Архидьякон Клод Фролло, а это был именно он, оттёр пот с лица и угрюмо смотрел на то, как успокаивается бурлящая масса. Ничего не вышло! В очередной раз! И да, могло ли быть иначе, если его мысли, которые должны были оставаться чистыми и возвышенными, заняты такой ерундой, как смуглая ножка, обнажившееся в танце колено и самые прекрасные в подлунном мире чёрные глаза? Архидьякон скинул толстые перчатки с рук и со злостью отвернулся от остывающего тигеля. Сколько уже было неудач! Неужели наука, как ревнивая жена, не терпит в его сердце соперницу? Почему тайна мироздания, секрет философского камня, уже почти разгаданный, раз за разом ускользает от него?!

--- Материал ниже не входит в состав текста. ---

(* Let $0<\varepsilon<2/9$ and let $\mathbf{U}$ be the $7\times 7$ matrix $$\mathbf{U}=\begin{pmatrix} 0 & -1 & \varepsilon & -10 & -\tfrac13+\varepsilon & -\tfrac13+\varepsilon & -\tfrac13+\varepsilon\\ \varepsilon & 0 & -1 & -10 & -\tfrac13+\varepsilon & -\tfrac13+\varepsilon & -\tfrac13+\varepsilon\\ -1 & \varepsilon & 0 & -10 & -\tfrac13+\varepsilon & -\tfrac13+\varepsilon & -\tfrac13+\varepsilon\\ -2 & -2 & 2 & 0 & -\tfrac13 & -\tfrac13 & -\tfrac13\\ -\tfrac13 & -\tfrac13 & -\tfrac13 & 10 & 0 & -1 & \varepsilon\\ -\tfrac13 & -\tfrac13 & -\tfrac13 & 10 & \varepsilon & 0 & -1\\ -\tfrac13 & -\tfrac13 & -\tfrac13 & 10 & -1 & \varepsilon & 0 \end{pmatrix},\qquad \mathbf{R}=\begin{pmatrix} 0 & -1 & \varepsilon\\ \varepsilon & 0 & -1\\ -1 & \varepsilon & 0\end{pmatrix}.$$ Let $\mathbf{x}(\cdot)$ be a solution of the best-reply dynamics in the game with payoff matrix $\mathbf{U}$ such that neither $x_1(0)=x_2(0)=x_3(0)$ nor $x_5(0)=x_6(0)=x_7(0)$. Set $\lambda=x_1+x_2+x_3$, $\mu=x_5+x_6+x_7$ (these are positive for all $t\ge0$), $\bar{\mathbf{x}}=(x_1,x_2,x_3)/\lambda$ and $\hat{\mathbf{x}}=(x_5,x_6,x_7)/\mu$. Then for almost every $t\ge 0$, $$\dot{\bar{\mathbf{x}}}\in\Big(1+\frac{\dot\lambda}{\lambda}\Big)\big(BR_{\mathbf{R}}(\bar{\mathbf{x}})-\bar{\mathbf{x}}\big)\quad\text{and}\quad \dot{\hat{\mathbf{x}}}\in\Big(1+\frac{\dot\mu}{\mu}\Big)\big(BR_{\mathbf{R}}(\hat{\mathbf{x}})-\hat{\mathbf{x}}\big).$$
   Context: $S_n=\{\mathbf{x}\in\mathbb{R}_+^n:\sum_i x_i=1\}$. For a square matrix $\mathbf{A}$ of size $n$, $BR_{\mathbf{A}}(\mathbf{x})=\{\mathbf{y}\in S_n:\mathbf{y}\cdot\mathbf{A}\mathbf{x}=\max_{\mathbf{z}\in S_n}\mathbf{z}\cdot\mathbf{A}\mathbf{x}\}$. The best-reply dynamics in the game with payoff matrix $\mathbf{U}$ is the differential inclusion $\dot{\mathbf{x}}\in BR_{\mathbf{U}}(\mathbf{x})-\mathbf{x}$; a solution is an absolutely continuous $\mathbf{x}:\mathbb{R}_+\to S_7$ satisfying it for almost every $t$. *)

theory Defs
  imports "HOL-Analysis.Analysis"
begin

(* Vectors of R^n are represented as functions nat => real, indices 0..n-1
   (paper index k corresponds to index k-1 here); entries outside are 0. *)
definition std_simplex :: "nat \<Rightarrow> (nat \<Rightarrow> real) set" where
  "std_simplex n = {x. (\<forall>i<n. 0 \<le> x i) \<and> (\<Sum>i<n. x i) = 1 \<and> (\<forall>i\<ge>n. x i = 0)}"

definition bil :: "nat \<Rightarrow> (nat \<Rightarrow> nat \<Rightarrow> real) \<Rightarrow> (nat \<Rightarrow> real) \<Rightarrow> (nat \<Rightarrow> real) \<Rightarrow> real" where
  "bil n A y x = (\<Sum>i<n. y i * (\<Sum>j<n. A i j * x j))"

definition BR :: "nat \<Rightarrow> (nat \<Rightarrow> nat \<Rightarrow> real) \<Rightarrow> (nat \<Rightarrow> real) \<Rightarrow> (nat \<Rightarrow> real) set" where
  "BR n A x = {y \<in> std_simplex n. \<forall>z\<in>std_simplex n. bil n A z x \<le> bil n A y x}"

definition abs_cont_on :: "real \<Rightarrow> real \<Rightarrow> (real \<Rightarrow> real) \<Rightarrow> bool" where
  "abs_cont_on a b f \<longleftrightarrow>
     (\<forall>e>0. \<exists>d>0. \<forall>(m::nat) (u::nat\<Rightarrow>real) v.
        (\<forall>k<m. a \<le> u k \<and> u k \<le> v k \<and> v k \<le> b) \<and>
        (\<forall>k<m. \<forall>l<m. k \<noteq> l \<longrightarrow> v k \<le> u l \<or> v l \<le> u k) \<and>
        (\<Sum>k<m. v k - u k) < d
        \<longrightarrow> (\<Sum>k<m. \<bar>f (v k) - f (u k)\<bar>) < e)"
lemma abs_leibniz_sum_diff_le:
  assumes U: "\<And>i. i \<le> m \<Longrightarrow> \<bar>U i y\<bar> \<le> K" "\<And>i. i \<le> m \<Longrightarrow> \<bar>U i y - U i x\<bar> \<le> K * r"
    and V: "\<And>i. i \<le> m \<Longrightarrow> \<bar>V i x\<bar> \<le> L" "\<And>i. i \<le> m \<Longrightarrow> \<bar>V i y - V i x\<bar> \<le> L * r"
    and "0 \<le> r"
  shows "\<bar>leibniz_sum U V m y - leibniz_sum U V m x\<bar> \<le> 2 ^ (m + 1) * K * L * r"
proof -
  have K: "0 \<le> K" and L: "0 \<le> L"
    using U(1)[of 0] V(1)[of 0] by auto
  have "\<bar>leibniz_sum U V m y - leibniz_sum U V m x\<bar>
      \<le> (\<Sum>i\<le>m. \<bar>real (m choose i) * (U i y * V (m - i) y - U i x * V (m - i) x)\<bar>)"
    unfolding leibniz_sum_def sum_subtractf[symmetric] right_diff_distrib[symmetric] by (rule sum_abs)
  also have "\<dots> \<le> (\<Sum>i\<le>m. real (m choose i) * (2 * K * L * r))"
  proof (rule sum_mono)
    fix i assume i: "i \<in> {..m}"
    have uv: "\<bar>U i y\<bar> * \<bar>V (m - i) y - V (m - i) x\<bar> \<le> K * (L * r)"
      using U(1)[of i] V(2)[of "m - i"] i K by (intro mult_mono) auto
    have vu: "\<bar>V (m - i) x\<bar> * \<bar>U i y - U i x\<bar> \<le> L * (K * r)"
      using V(1)[of "m - i"] U(2)[of i] i L by (intro mult_mono) auto
    have "U i y * V (m - i) y - U i x * V (m - i) x
        = U i y * (V (m - i) y - V (m - i) x) + V (m - i) x * (U i y - U i x)"
      by (simp add: algebra_simps)
    then have "\<bar>U i y * V (m - i) y - U i x * V (m - i) x\<bar>
        \<le> \<bar>U i y\<bar> * \<bar>V (m - i) y - V (m - i) x\<bar> + \<bar>V (m - i) x\<bar> * \<bar>U i y - U i x\<bar>"
      by (metis abs_mult abs_triangle_ineq)
    also have "\<dots> \<le> 2 * K * L * r"
      using uv vu by (simp add: algebra_simps)
    finally have "\<bar>U i y * V (m - i) y - U i x * V (m - i) x\<bar> \<le> 2 * K * L * r" .
    then show "\<bar>real (m choose i) * (U i y * V (m - i) y - U i x * V (m - i) x)\<bar>
             \<le> real (m choose i) * (2 * K * L * r)"
      by (simp add: abs_mult mult_left_mono)
  qed
  also have "\<dots> = 2 ^ (m + 1) * K * L * r"
    by (simp add: sum_distrib_right[symmetric] of_nat_sum[symmetric] choose_row_sum del: of_nat_sum)
  finally show ?thesis .
qed

lemma leibniz_sum_odd_eq_0:
  assumes "\<And>i. i \<le> j \<Longrightarrow> odd i \<Longrightarrow> U i p = 0" "\<And>i. i \<le> j \<Longrightarrow> odd i \<Longrightarrow> V i p = 0" "odd j"
  shows "leibniz_sum U V j p = 0"
  unfolding leibniz_sum_def
proof (rule sum.neutral, rule ballI)
  fix i assume "i \<in> {..j}"
  then have "i \<le> j" by simp
  have "U i p = 0 \<or> V (j - i) p = 0"
  proof (cases "odd i")
    case False
    then have "odd (j - i)" using \<open>odd j\<close> \<open>i \<le> j\<close> by auto
    then show ?thesis using assms(2)[of "j - i"] by simp
  qed (use assms(1) \<open>i \<le> j\<close> in simp)
  then show "real (j choose i) * (U i p * V (j - i) p) = 0"
    by auto
qed

section \<open>Holder data with vanishing odd boundary derivatives\<close>

lemma abs_diff_le_by_derivative_bound:
  fixes u u' :: "real \<Rightarrow> real"
  assumes "convex S"
    and "\<And>x. x \<in> S \<Longrightarrow> (u has_vector_derivative u' x) (at x within S)"
    and "\<And>x. x \<in> S \<Longrightarrow> \<bar>u' x\<bar> \<le> K"
    and "x \<in> S" "y \<in> S"
  shows "\<bar>u y - u x\<bar> \<le> K * \<bar>y - x\<bar>"
proof -
  have "norm (u y - u x) \<le> K * norm (y - x)"
  proof (rule differentiable_bound[of S u "\<lambda>x h. h *\<^sub>R u' x" K y x])
    show "(u has_derivative (\<lambda>h. h *\<^sub>R u' z)) (at z within S)" if "z \<in> S" for z
      using assms(2)[OF that] by (simp add: has_vector_derivative_def)
    show "onorm (\<lambda>h. h *\<^sub>R u' z) \<le> K" if "z \<in> S" for z
      using assms(3)[OF that] onorm_scaleR_left[OF bounded_linear_ident, of "u' z"]
      by (simp add: onorm_id)
  qed (use assms in auto)
  then show ?thesis by simp
qed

Архидьякон устало подошёл к заваленному книгами столу, ему следовало сделать запись о ходе опыта в специальную толстую тетрадь. Здесь Клод Фролло скрупулёзно делал пометки особым шифром. Но перо, искупанное в чернилах, не желало двигаться, а на кончике его набухла и созрела чёрная капля, которая пролилась на пергамент безобразной кляксой. Архидьякон вздрогнул, потому что в расплывшемся пятне ему почудилась голова прелестной цыганки с двумя косами и аккуратным носиком! Везде она! Проклятье! Перестанет ли эта девка преследовать его?!
Архидьякон прикрыл уставшие глаза. И вот она! Как живая, заплясала на внутренней поверхности его век! Возможно, Клод задремал, ибо видел плясунью, словно наяву, она стояла очень близко от него и приветливо улыбалась. Он мог бы протянуть руку и коснуться дивного видения, да только прелестница звонко рассмеялась и принялась убегать от него, правда, лукаво оборачиваясь и призывно подмигивая. Тогда Клод, который перенёсся в зыбкое измерение сна, сорвался с места и начал преследовать чаровницу. Казалось, вот-вот его скрюченные пальцы схватят пестрый шёлк её одеяния и ей не останется другого выбора, как дать ему поцеловать свои хохочущие уста! О, как бы он её ласкал! Как бы поклонялся гибкому соблазнительному телу! Словно жалкий язычник!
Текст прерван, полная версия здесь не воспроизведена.